Key Analysis Options Post-Slicing:

Principal Component Analysis (PCA): Once the data is sliced and the X attribute is updated, you can perform PCA on this refined dataset to uncover patterns and relationships.
Umap and t-SNE: In addition to PCA, the Rodin class supports other visualization techniques like UMAP (Uniform Manifold Approximation and Projection) and t-SNE (t-Distributed Stochastic Neighbor Embedding).

In [9]:

obj_2 = obj[obj.features[obj.features['p_adj(owa) Dose']<0.01]]

In [10]:

obj_2.run_pca()
obj_2.run_umap()

After running dimenional reduction methods n-components will be stored in the class as well in dr attribute

In [11]:

obj_2

Out[11]:

< Rodin object > 
dim: 1518 X 71
dr: pca, umap

In [12]:

obj_2.plot(dr_name='umap',hue='Dose')

In [13]:

obj_2.plot(dr_name='pca',hue='Dose')

To understand the patterns in the data - clustergram function could be utilitized:

In [16]:

obj_2.clustergram(hue='Dose',standardize='row',width=1050)

Pathway Analysis¶

The Rodin class incorporates the mummichog algorithm for pathway analysis, which is particularly useful for identifying metabolic pathways in mass spectrometry data.

Input Requirements:

To effectively use the mummichog algorithm, users are required to specify two key columns from the features table:
- A column with p-values, for instance, p_adj(owa).
- A column for statistics, where log fold change (LFC) could be used, such as in a comparison like lfc (others vs Control).
- Mass spectrometry analysis mode such as positive or negative (our lab uses custom modes f_positive | f_negative).

Output:

The function analyze_pathways produces a detailed table containing information about the identified pathways and compounds.
The results of this analysis are stored in the uns attribute of the Rodin object.

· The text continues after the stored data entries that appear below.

text \<open>Near a simple eigenvalue the eigenspace is spanned by a column of the adjugate of the
  characteristic matrix, which depends holomorphically on the eigenvalue branch.\<close>
lemma simple_eigenvalue_local_eigenvector:
  fixes C0 C1 :: "complex mat" and lam :: "real \<Rightarrow> complex"
  assumes C: "C0 \<in> carrier_mat n n" "C1 \<in> carrier_mat n n"
    and lam_cont: "isCont lam \<epsilon>0"
    and eig: "\<forall>\<^sub>F \<epsilon> in nhds \<epsilon>0. eigenvalue (C0 + of_real \<epsilon> \<cdot>\<^sub>m C1) (lam \<epsilon>)"
    and simple: "poly (pderiv (char_poly (C0 + of_real \<epsilon>0 \<cdot>\<^sub>m C1))) (lam \<epsilon>0) \<noteq> 0"
  obtains \<delta> and v :: "real \<Rightarrow> complex vec" where "\<delta> > 0"
    "\<And>k. k < n \<Longrightarrow> has_holomorphic_extension (ball \<epsilon>0 \<delta>) (\<lambda>\<epsilon>. v \<epsilon> $ k)"
    "\<And>\<epsilon> u. \<epsilon> \<in> ball \<epsilon>0 \<delta> \<Longrightarrow> eigenvector (C0 + of_real \<epsilon> \<cdot>\<^sub>m C1) u (lam \<epsilon>) \<Longrightarrow> \<exists>c. u = c \<cdot>\<^sub>v v \<epsilon>"
proof -
  define A where "A z = C0 + z \<cdot>\<^sub>m C1" for z
  have A: "A z \<in> carrier_mat n n" for z using C by (simp add: A_def)
  obtain \<Omega> \<mu> where \<Omega>: "open \<Omega>" "\<mu> holomorphic_on \<Omega>"
    and root: "\<And>z. z \<in> \<Omega> \<Longrightarrow> poly (char_poly (A z)) (\<mu> z) = 0"
    and branch: "\<forall>\<^sub>F \<epsilon> in nhds \<epsilon>0. of_real \<epsilon> \<in> \<Omega> \<and> \<mu> (of_real \<epsilon>) = lam \<epsilon>"
    using simple_eigenvalue_holomorphic_branch[OF C lam_cont eig simple] unfolding A_def by blast
  have \<mu>0: "\<mu> (of_real \<epsilon>0) = lam \<epsilon>0" using eventually_nhds_x_imp_x[OF branch] by simp
  define M where "M z = - char_matrix (A z) (\<mu> z)" for z
  have M: "M z \<in> carrier_mat n n" for z using A by (simp add: M_def)
  have M_holo: "(\<lambda>z. M z $$ (i, k)) holomorphic_on \<Omega>" if "i < n" "k < n" for i k
  proof -
    have "M z $$ (i, k) = (if i = k then \<mu> z else 0) - C0 $$ (i, k) - z * C1 $$ (i, k)" for z
      using C that by (simp add: M_def A_def char_matrix_def)
    then show ?thesis using \<Omega>(2) by (cases "i = k") (auto intro!: holomorphic_intros)
  qed
  have "(\<Sum>i<n. cofactor (M (of_real \<epsilon>0)) i i) \<noteq> 0"
    using simple \<mu>0 poly_pderiv_char_poly_eq_sum_cofactors[OF A] by (simp add: M_def A_def)
  then obtain j where j: "j < n" "cofactor (M (of_real \<epsilon>0)) j j \<noteq> 0"
    by (meson lessThan_iff sum.neutral)
  define T where "T = \<Omega> \<inter> (\<lambda>z. cofactor (M z) j j) -` (- {0})"
  have "open T" unfolding T_def
    using cofactor_holomorphic_on[OF M M_holo] \<Omega>(1)
    by (intro continuous_open_preimage holomorphic_on_imp_continuous_on) auto
  moreover have "of_real \<epsilon>0 \<in> T"
    using eventually_nhds_x_imp_x[OF branch] j(2) by (simp add: T_def)
  moreover have "((\<lambda>\<epsilon>. complex_of_real \<epsilon>) \<longlongrightarrow> of_real \<epsilon>0) (at \<epsilon>0)"
    by (intro tendsto_intros)
  ultimately have "\<forall>\<^sub>F \<epsilon> in nhds \<epsilon>0. of_real \<epsilon> \<in> T"
    unfolding eventually_nhds_conv_at by (auto intro: topological_tendstoD)
  with branch have "\<forall>\<^sub>F \<epsilon> in nhds \<epsilon>0. of_real \<epsilon> \<in> T \<and> \<mu> (of_real \<epsilon>) = lam \<epsilon>"
    by eventually_elim blast
  then obtain \<delta> where "\<delta> > 0" and near: "\<And>\<epsilon>. \<epsilon> \<in> ball \<epsilon>0 \<delta> \<Longrightarrow> of_real \<epsilon> \<in> T \<and> \<mu> (of_real \<epsilon>) = lam \<epsilon>"
    unfolding eventually_nhds_metric by (auto simp: dist_commute)
  show ?thesis
  proof
    show "\<delta> > 0" by fact
    fix k assume "k < n"
    have "(\<lambda>z. cofactor (M z) j k) holomorphic_on T"
      using cofactor_holomorphic_on[OF M M_holo] by (rule holomorphic_on_subset) (auto simp: T_def)
    moreover have "col (adj_mat (M z)) j $ k = cofactor (M z) j k" for z
      using j(1) \<open>k < n\<close> by (simp add: adj_mat_def carrier_matD[OF M])
    ultimately show "has_holomorphic_extension (ball \<epsilon>0 \<delta>) (\<lambda>\<epsilon>. col (adj_mat (M (of_real \<epsilon>))) j $ k)"
      using \<open>open T\<close> near by (intro has_holomorphic_extensionI[of T _ "\<lambda>z. cofactor (M z) j k"]) auto
  next
    fix \<epsilon> u assume "\<epsilon> \<in> ball \<epsilon>0 \<delta>" "eigenvector (C0 + of_real \<epsilon> \<cdot>\<^sub>m C1) u (lam \<epsilon>)"
    then have u: "eigenvector (A (of_real \<epsilon>)) u (lam \<epsilon>)"
      and "of_real \<epsilon> \<in> T" and M_eq: "M (of_real \<epsilon>) = - char_matrix (A (of_real \<epsilon>)) (lam \<epsilon>)"
      using near by (auto simp: M_def A_def)
    then have "det (M (of_real \<epsilon>)) = 0" "cofactor (M (of_real \<epsilon>)) j j \<noteq> 0"
      using root[of "of_real \<epsilon>"] char_poly_matrix[OF A] by (auto simp: T_def M_def)
    moreover have "u \<in> carrier_vec n" "M (of_real \<epsilon>) *\<^sub>v u = 0\<^sub>v n"
      using u unfolding M_eq eigenvector_char_matrix[OF A]
      by (auto simp: carrier_matD[OF char_matrix_closed[OF A]])
    ultimately show "\<exists>c. u = c \<cdot>\<^sub>v col (adj_mat (M (of_real \<epsilon>))) j"
      using kernel_subset_span_adj_mat_col[OF M _ j(1)] by blast
  qed
qed
(* Let $\mathbb{X},\mathbb{Y}$ be smooth real Banach spaces and let $T\in\mathbb{L}(\mathbb{X},\mathbb{Y})$ with $\operatorname{rank} T>1$ and $\|T\|=1$. Suppose $M_T\neq\emptyset$ and $x\in M_T$. Then $(x,Tx)$ is a weak CPP.
   Context: All Banach spaces are real and of dimension greater than $1$. $\mathbb{L}(\mathbb{X},\mathbb{Y})$ is the space of bounded linear operators with operator norm. $M_T=\{x\in S_{\mathbb{X}}:\|Tx\|=\|T\|\}$. $B(x,r)=\{u:\|u-x\|<r\}$. $x\perp_B y$ means $\|x+\lambda y\|\ge\|x\|$ for all real $\lambda$; $x^\perp=\{y: x\perp_B y\}$. For $x\in S_{\mathbb{X}}$, $y\in S_{\mathbb{Y}}$, $(x,y)$ is a weak CPP if there exist $z\in x^\perp\cap S_{\mathbb{X}}$, $w\in y^\perp\cap S_{\mathbb{Y}}$, $r>0$, $\mu>0$ such that for all $a,b\in\mathbb{R}$, $ax+bz\in B(x,r)\cap S_{\mathbb{X}}$ implies $\|ay+b\mu w\|\le1$. *)

theory Defs
  imports "HOL-Analysis.Analysis"
begin

definition bj_orth :: "'a::real_normed_vector \<Rightarrow> 'a \<Rightarrow> bool" where
  "bj_orth x y \<longleftrightarrow> (\<forall>t::real. norm (x + t *\<^sub>R y) \<ge> norm x)"

definition smooth_space :: "'a::real_normed_vector itself \<Rightarrow> bool" where
  "smooth_space _ \<longleftrightarrow> (\<forall>x::'a. norm x = 1 \<longrightarrow>
      (\<exists>!f::'a \<Rightarrow> real. bounded_linear f \<and> onorm f = 1 \<and> f x = 1))"

definition dim_gt_one :: "'a::real_vector itself \<Rightarrow> bool" where
  "dim_gt_one _ \<longleftrightarrow> (\<exists>u v::'a. u \<noteq> v \<and> independent {u, v})"

definition rank_gt_one :: "('a::real_vector \<Rightarrow> 'b::real_vector) \<Rightarrow> bool" where
  "rank_gt_one T \<longleftrightarrow> (\<exists>u v. u \<in> range T \<and> v \<in> range T \<and> u \<noteq> v \<and> independent {u, v})"

definition norm_attain_set :: "('a::real_normed_vector \<Rightarrow> 'b::real_normed_vector) \<Rightarrow> 'a set" where
  "norm_attain_set T = {x. norm x = 1 \<and> norm (T x) = onorm T}"

definition weak_CPP :: "'a::real_normed_vector \<Rightarrow> 'b::real_normed_vector \<Rightarrow> bool" where
  "weak_CPP x y \<longleftrightarrow> norm x = 1 \<and> norm y = 1 \<and>
     (\<exists>z w r \<mu>. bj_orth x z \<and> norm z = 1 \<and> bj_orth y w \<and> norm w = 1 \<and>
        r > 0 \<and> \<mu> > 0 \<and>
        (\<forall>a b::real. norm (a *\<^sub>R x + b *\<^sub>R z - x) < r \<and> norm (a *\<^sub>R x + b *\<^sub>R z) = 1
            \<longrightarrow> norm (a *\<^sub>R y + (b * \<mu>) *\<^sub>R w) \<le> 1))"

end

theory Submission
  imports Defs
begin

text \<open>Let \<open>f\<close> be the supporting functional of \<open>Y\<close> at \<open>T x\<close>. Then \<open>g = f \<circ> T\<close> has norm at
  most one and \<open>g x = 1\<close>, so \<open>g\<close> supports \<open>x\<close>. Since \<open>T\<close> has rank greater than one, the
  kernel of \<open>g\<close> is not contained in that of \<open>T\<close>; a unit vector \<open>z\<close> with \<open>g z = 0\<close> and
  \<open>T z \<noteq> 0\<close> is orthogonal to \<open>x\<close>, and \<open>T z\<close> is orthogonal to \<open>T x\<close> because \<open>f\<close> vanishes on it.
  With \<open>\<mu> = \<parallel>T z\<parallel>\<close> and \<open>w = T z / \<mu>\<close> we get \<open>a T x + b \<mu> w = T (a x + b z)\<close>, whose norm is at
  most one on the unit sphere.\<close>

lemma le_norm_if_onorm_le_one:
  fixes f :: "'a::real_normed_vector \<Rightarrow> real"
  assumes "bounded_linear f" "onorm f \<le> 1"
  shows "f u \<le> norm u"
proof -
  have "f u \<le> onorm f * norm u"
    using onorm[OF assms(1), of u] by simp
  also have "\<dots> \<le> norm u"
    using mult_right_mono[OF assms(2) norm_ge_zero] by simp
  finally show ?thesis .
qed

lemma bj_orth_if_supporting_functional:
  fixes f :: "'a::real_normed_vector \<Rightarrow> real"
  assumes "linear f" "\<And>u. f u \<le> norm u" "f x = norm x" "f y = 0"
  shows "bj_orth x y"
  unfolding bj_orth_def
proof
  fix t :: real
  have "f (x + t *\<^sub>R y) = norm x"
    using assms(3,4) by (simp add: linear_add[OF assms(1)] linear_scale[OF assms(1)])
  then show "norm x \<le> norm (x + t *\<^sub>R y)"
    using assms(2) by metis
qed

lemma bj_orth_scale:
  assumes "bj_orth x y"
  shows "bj_orth x (c *\<^sub>R y)"
  using assms unfolding bj_orth_def by (metis scaleR_scaleR)

lemma not_rank_gt_one_if_range_on_line:
  assumes "\<And>p. \<exists>c. T p = c *\<^sub>R v"
  shows "\<not> rank_gt_one T"
proof
  assume "rank_gt_one T"
  then obtain p q where pq: "T p \<noteq> T q" "independent {T p, T q}"
    unfolding rank_gt_one_def by blast
  obtain c d where cd: "T p = c *\<^sub>R v" "T q = d *\<^sub>R v"
    using assms[of p] assms[of q] by blast
  show False
  proof (cases "c = 0")
    case True
    then have "T p = 0"
      using cd(1) by simp
    then show False
      using pq(2) dependent_zero[of "{T p, T q}"] by simp
  next
    case False
    then have "T q = (d / c) *\<^sub>R T p"
      using cd by simp
    then have "T q \<in> span ({T p, T q} - {T q})"
      using pq(1) by (simp add: span_base span_mul insert_Diff_if)
    then show False
      using pq(2) unfolding dependent_def by blast
  qed
qed

lemma rank_gt_one_kernel_not_subset:
  fixes g :: "'a::real_vector \<Rightarrow> real"
  assumes "linear T" "rank_gt_one T" "linear g"
  shows "\<exists>z. g z = 0 \<and> T z \<noteq> 0"
proof (rule ccontr)
  assume ker: "\<not> (\<exists>z. g z = 0 \<and> T z \<noteq> 0)"
  show False
  proof (cases "\<exists>x0. g x0 \<noteq> 0")
    case True
    then obtain x0 where x0: "g x0 \<noteq> 0" by blast
    have "\<exists>c. T p = c *\<^sub>R T x0" for p
    proof -
      have "g (p - (g p / g x0) *\<^sub>R x0) = 0"
        using x0 by (simp add: linear_diff[OF assms(3)] linear_scale[OF assms(3)])
      then have "T (p - (g p / g x0) *\<^sub>R x0) = 0"
        using ker by blast
      then have "T p = (g p / g x0) *\<^sub>R T x0"
        by (simp add: linear_diff[OF assms(1)] linear_scale[OF assms(1)])
      then show ?thesis ..
    qed
    then show False
      using not_rank_gt_one_if_range_on_line assms(2) by blast
  next
    case False
    then have "\<exists>c. T p = c *\<^sub>R 0" for p
      using ker by simp
    then show False
      using not_rank_gt_one_if_range_on_line assms(2) by blast
  qed
qed

lemma weak_CPP_if_orthogonal_image:
  assumes T: "bounded_linear T" "onorm T = 1"
    and x: "norm x = 1" "norm (T x) = 1"
    and z: "norm z = 1" "bj_orth x z" "T z \<noteq> 0" "bj_orth (T x) (T z)"
  shows "weak_CPP x (T x)"
proof -
  define \<mu> where "\<mu> = norm (T z)"
  define w where "w = (1 / \<mu>) *\<^sub>R T z"
  have \<mu>: "\<mu> > 0"
    using z(3) by (simp add: \<mu>_def)
  have w: "norm w = 1" "bj_orth (T x) w"
    using \<mu> z(4) by (simp_all add: w_def \<mu>_def bj_orth_scale)
  have "norm (a *\<^sub>R T x + (b * \<mu>) *\<^sub>R w) \<le> 1"
    if "norm (a *\<^sub>R x + b *\<^sub>R z) = 1" for a b :: real
  proof -
    have "a *\<^sub>R T x + (b * \<mu>) *\<^sub>R w = T (a *\<^sub>R x + b *\<^sub>R z)"
      using \<mu> by (simp add: w_def linear_add[OF bounded_linear.linear[OF T(1)]]
          linear_scale[OF bounded_linear.linear[OF T(1)]])
    then show ?thesis
      using onorm[OF T(1), of "a *\<^sub>R x + b *\<^sub>R z"] that T(2) by simp
  qed
  then show ?thesis
    unfolding weak_CPP_def using x z w \<mu>
    by (intro conjI exI[of _ z] exI[of _ w] exI[of _ 1] exI[of _ \<mu>]) auto
qed

theorem mainTheorem2:
  fixes T :: "'a::banach \<Rightarrow> 'b::banach" and x :: 'a
  assumes "dim_gt_one TYPE('a)" and "dim_gt_one TYPE('b)"
    and "smooth_space TYPE('a)" and "smooth_space TYPE('b)"
    and "bounded_linear T" and "rank_gt_one T" and "onorm T = 1"
    and "norm_attain_set T \<noteq> {}" and "x \<in> norm_attain_set T"
  shows "weak_CPP x (T x)"
proof -
  have x: "norm x = 1" "norm (T x) = 1"
    using assms(7,9) by (auto simp: norm_attain_set_def)
  obtain f :: "'b \<Rightarrow> real" where f: "bounded_linear f" "onorm f = 1" "f (T x) = 1"
    using assms(4) x(2) unfolding smooth_space_def by blast
  have fT: "bounded_linear (f \<circ> T)" "onorm (f \<circ> T) \<le> 1"
    using onorm_compose[OF f(1) assms(5)] f(2) assms(7)
    by (simp_all add: bounded_linear_compose[OF f(1) assms(5)] o_def)
  obtain z0 where z0: "f (T z0) = 0" "T z0 \<noteq> 0"
    using rank_gt_one_kernel_not_subset[of T "f \<circ> T"] assms(5,6) fT(1)
    by (auto simp: bounded_linear.linear)
  define z where "z = (1 / norm z0) *\<^sub>R z0"
  have "z0 \<noteq> 0"
    using z0(2) assms(5) linear_0 bounded_linear.linear by metis
  moreover have Tz: "T z = (1 / norm z0) *\<^sub>R T z0"
    by (simp add: z_def linear_scale[OF bounded_linear.linear[OF assms(5)]])
  ultimately have z: "norm z = 1" "T z \<noteq> 0" "f (T z) = 0"
    using z0 by (simp_all add: z_def linear_scale[OF bounded_linear.linear[OF f(1)]])
  have "bj_orth x z"
    using bj_orth_if_supporting_functional[of "f \<circ> T" x z] fT x f(3) z(3)
      le_norm_if_onorm_le_one[OF fT] by (simp add: bounded_linear.linear)
  moreover have "bj_orth (T x) (T z)"
    using bj_orth_if_supporting_functional[of f "T x" "T z"] f x(2) z(3)
      le_norm_if_onorm_le_one[OF f(1)] by (simp add: bounded_linear.linear)
  ultimately show ?thesis
    using weak_CPP_if_orthogonal_image assms(5,7) x z by blast
qed

end
(* Let $\Phi,\Psi$ be complementary $N$-functions both satisfying the $\Delta_2^0$-condition and let $\varphi=\{\varphi_k\}_{k=0}^\infty$, $\psi=\{\psi_k\}_{k=0}^\infty$ be weight sequences in $\mathcal{W}$. There exists a constant $C>0$ depending only on $\Phi,\Psi,\varphi,\psi$ such that for every $a\in W\cap F\ell_{\varphi,\psi}^{\Phi,\Psi}$, every $n\in\mathbb{N}$ and every $j\in\{0,\dots,n\}$, \[ \|Q_nT(a)\Delta_j\|_{\mathcal{B}(\ell^\Psi(\mathbb{Z}_+))}\le C\,\frac{\|a-a^{(n-j)}\|_{F\ell_{\varphi,\psi}^{\Phi,\Psi}}}{\psi_{n-j+1}}, \qquad \|\Delta_jT(a)Q_n\|_{\mathcal{B}(\ell^\Psi(\mathbb{Z}_+))}\le C\,\frac{\|a-a^{(n-j)}\|_{F\ell_{\varphi,\psi}^{\Phi,\Psi}}}{\varphi_{n-j+1}}. \]
   Context: $\mathbb{T}$ is the unit circle; $f_k$ denote Fourier coefficients of $f\in L^1(\mathbb{T})$. $W$ is the Wiener algebra of $a(t)=\sum_ka_kt^k$ with $\sum_k|a_k|<\infty$. Complementary $N$-functions: for $p:[0,\infty)\to[0,\infty)$ right-continuous non-decreasing with $p(0)=0$, $p(t)>0$ for $t>0$, $p(t)\to\infty$, and $q(s)=\sup\{t:p(t)\le s\}$, set $\Phi(x)=\int_0^xp$, $\Psi(x)=\int_0^xq$. $\Delta_2^0$-condition: $\limsup_{x\to0}\Phi(2x)/\Phi(x)<\infty$. $\mathcal{W}$: sequences $\{\nu_k\}_{k\ge0}$ of positive numbers with $\nu_0=1$, non-decreasing, and $\nu_{2k}\le C_\nu\nu_k$ ($k\in\mathbb{N}$) for some constant $C_\nu$. For $\mathbb{I}\in\{\mathbb{N},\mathbb{Z}_+\}$, an $N$-function $\Theta$ and a weight sequence $w$, $\ell^\Theta_w(\mathbb{I})$ is the space of complex sequences $(c_k)_{k\in\mathbb{I}}$ with $\sum_k\Theta(|c_k|w_k/\lambda)<\infty$ for some $\lambda>0$, normed by $\|c\|=\inf\{\lambda>0:\sum_k\Theta(|c_k|w_k/\lambda)\le1\}$; $\ell^\Theta(\mathbb{I})$ is the case $w_k\equiv1$. $F\ell_{\varphi,\psi}^{\Phi,\Psi}$ is the set of $a\in L^1(\mathbb{T})$ with $\sum_{k\ge1}\Phi(|a_{-k}|\varphi_k)+\sum_{k\ge0}\Psi(|a_k|\psi_k)<\infty$, normed by $\|a\|_{F\ell_{\varphi,\psi}^{\Phi,\Psi}}=\|\{a_{-k}\}_{k\in\mathbb{N}}\|_{\ell^\Phi_\varphi(\mathbb{N})}+\|\{a_k\}_{k\in\mathbb{Z}_+}\|_{\ell^\Psi_\psi(\mathbb{Z}_+)}$. For $m\in\mathbb{Z}_+$, $a^{(m)}(t)=\sum_{k=-m}^ma_kt^k$. $T(a)$ is the Toeplitz operator on sequences $(c_k)_{k\ge0}$ with matrix $(a_{j-k})_{j,k\ge0}$. $P_n$ maps $(c_k)_{k\ge0}$ to $(c_0,\dots,c_n,0,0,\dots)$, $Q_n=I-P_n$, $\Delta_0=P_0$, $\Delta_j=P_j-P_{j-1}$. $\mathcal{B}(X)$ is the algebra of bounded operators on $X$ with the operator norm. *)

theory Defs
  imports "HOL-Analysis.Analysis" "HOL-Library.Liminf_Limsup"
begin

This allows for convenient access and further analysis of the pathway data.

For a comprehensive understanding of the parameters and functionality of the analyze_pathways function refer to the dedicated pathways guide.

In [17]:

obj.analyze_pathways('p_adj(owa) Dose','lfc (others vs Control)',mode='f_positive')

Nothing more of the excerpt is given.